- Type: Military decoration
- Awarded for: Performing relevant personal services or works to the Uruguayan Navy.
- Country: Uruguay
- Presented by: the President of Uruguay
- Eligibility: Civilians, military officers, military units, institutions, Uruguayan or foreign.
- Status: Currently awarded
- Established: 17 August 1993
- First award: 26 October 1993
- Final award: 22 July 2019
- Ribbon of the decoration

Precedence
- Next (lower): 15 November 1817 Medal

= Decoration Honor of Naval Merit Commander Peter Campbell =

Highest militar decoration of the Navy of Uruguay

The Decoration Honor of Naval Merit Commander Peter Campbell (Condecoración Honor al Mérito Naval Comandante Pedro Campbell) is an Uruguayan military decoration awarded by the President of Uruguay to civilians, military officers, military units or to institutions, Uruguayan or foreign, as a recognition of the relevant services or works performed to the Uruguayan Navy. This decoration was named after Peter Campbell, an Irish naval officer who became the first commander of the Naval forces created by José Artigas.

== Eligibility and appointment ==
This decoration is awarded to military officers and civilians, Uruguayan or foreign, as a recognition to the fulfillment of relevant services or personal works provided to the Uruguayan Navy. Can also be awarded with the decoration military units and public or private institutions, national or foreign, whose relevance make them worthy of this recognition.

The award is presented by the President of the Republic at the proposal of the Commander-in-Chief of the Navy.

Since 2018, whoever is designated by the Executive branch as Commander-in-Chief of the Navy will be automatically receive this decoration in the rank of Great Medal, in recognition o their relevant performance in the practice of the military profession.

== Ranks ==
This decoration has two ranks:
1. Grand Medal. Granted to officers of the Armed Forces in the case of military personnel; for national and foreign authorities in the case of civilians; for military units, public or private institutions, national or foreign.
2. Medal. For officers and enlisted personnel of the Armed Forces in the case of military personnel; for national and foreign authorities and persons in the scientific, cultural, artistic and commercial fields in the case of civilians; for military units, public or private institutions, national or foreign.

== Appearance ==
This award consists of medal, ribbon, bar, button and miniature.

=== Medal ===
On its obvers it has an eight-ray sun in gold or golden metal for Grand Medal rank or in silver or silver metal for Medal rank, framed by two branches joined at their base with a ribbon, and in the center lies the coat of arms of the Navy with a diameter of 35 millimeters.

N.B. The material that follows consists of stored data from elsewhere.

lemma ord_add_mono:
  assumes V: "keys a \<subseteq> V" "keys b \<subseteq> V" "keys s \<subseteq> V" "keys t \<subseteq> V"
    and "ord a s" "ord b t"
  shows "ord (a + b) (s + t)"
proof (rule ord_trans)
  show "ord (a + b) (s + b)" using ord_add_right[OF V(1,3,2) \<open>ord a s\<close>] .
  show "ord (s + b) (s + t)" using ord_add_left[OF V(2,4,3) \<open>ord b t\<close>] .
qed (simp_all add: V keys_add_subset)

lemma ord_add_cancel:
  assumes V: "keys a \<subseteq> V" "keys b \<subseteq> V" "keys s \<subseteq> V" "keys t \<subseteq> V"
    and "ord a s" "ord b t" and eq: "a + b = s + t"
  shows "a = s \<and> b = t"
proof -
  have "a + b = s + b"
  proof (rule ord_antisym)
    show "ord (a + b) (s + b)" using ord_add_right[OF V(1,3,2) \<open>ord a s\<close>] .
    show "ord (s + b) (a + b)" using ord_add_left[OF V(2,4,3) \<open>ord b t\<close>] eq by simp
  qed (simp_all add: V keys_add_subset)
  then show ?thesis using eq by simp
qed

lemma ord_max_exists:
  assumes "finite A" "A \<noteq> {}" "\<forall>m\<in>A. keys m \<subseteq> V"
  shows "\<exists>m\<in>A. \<forall>m'\<in>A. ord m' m"
  using assms
proof (induction A rule: finite_ne_induct)
  case (singleton x)
  then show ?case using ord_refl by auto
next
  case (insert x F)
  then obtain m where m: "m \<in> F" "\<forall>m'\<in>F. ord m' m" by auto
  show ?case
  proof (cases "ord m x")
    case True
    then show ?thesis using m insert ord_trans[of _ m x] ord_refl[of x] by auto
  next
    case False
    then show ?thesis using ord_total[of m x] insert m by auto
  qed
qed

On the backside, with a plain background, it bears the inscription "HONOR AL MÉRITO NAVAL COMANDANTE PEDRO CAMPBELL" ("HONOR OF NAVAL MERIT COMMANDER PETER CAMPBELL") written as a circle, and in the lower side is the text "REPÚBLICA ORIENTAL DEL URUGUAY" ("EASTERN REPUBLIC OF URUGUAY") and in the upper side the name of the honoree is engraved.

=== Ribbon ===
The ribbon is 35 millimeters wide and 45 of height, flanked by a 2-millimeter red stripe on each side, followed inside by a 2-millimeter white stripe each side and a marine blue stripe in its center.

=== Bar ===
The bar is made of metal of 35 millimeters of width and 10 millimeters of height, covered by the same pattern of the medal's ribbon, on which is the coat of arms of the Navy in gold or golden metal for Grand Medal and in silver or silver metal for Medal rank.

=== Button ===
The button depicts the coat of arms of the Navy with 10 millimeters in diameter on a 15-millimeter by 3-millimeter bar in gold or golden metal for Grand Medal and in silver or silver metal for Medal class.

=== Miniature ===
It is a version of reduced size of the medal with the same features, but with a diameter of 17 millimeters and a ribbion of 17 millimeters. For Grand Medal is minted in gold or golden metal while for Medal category is minted in silver or silver metal.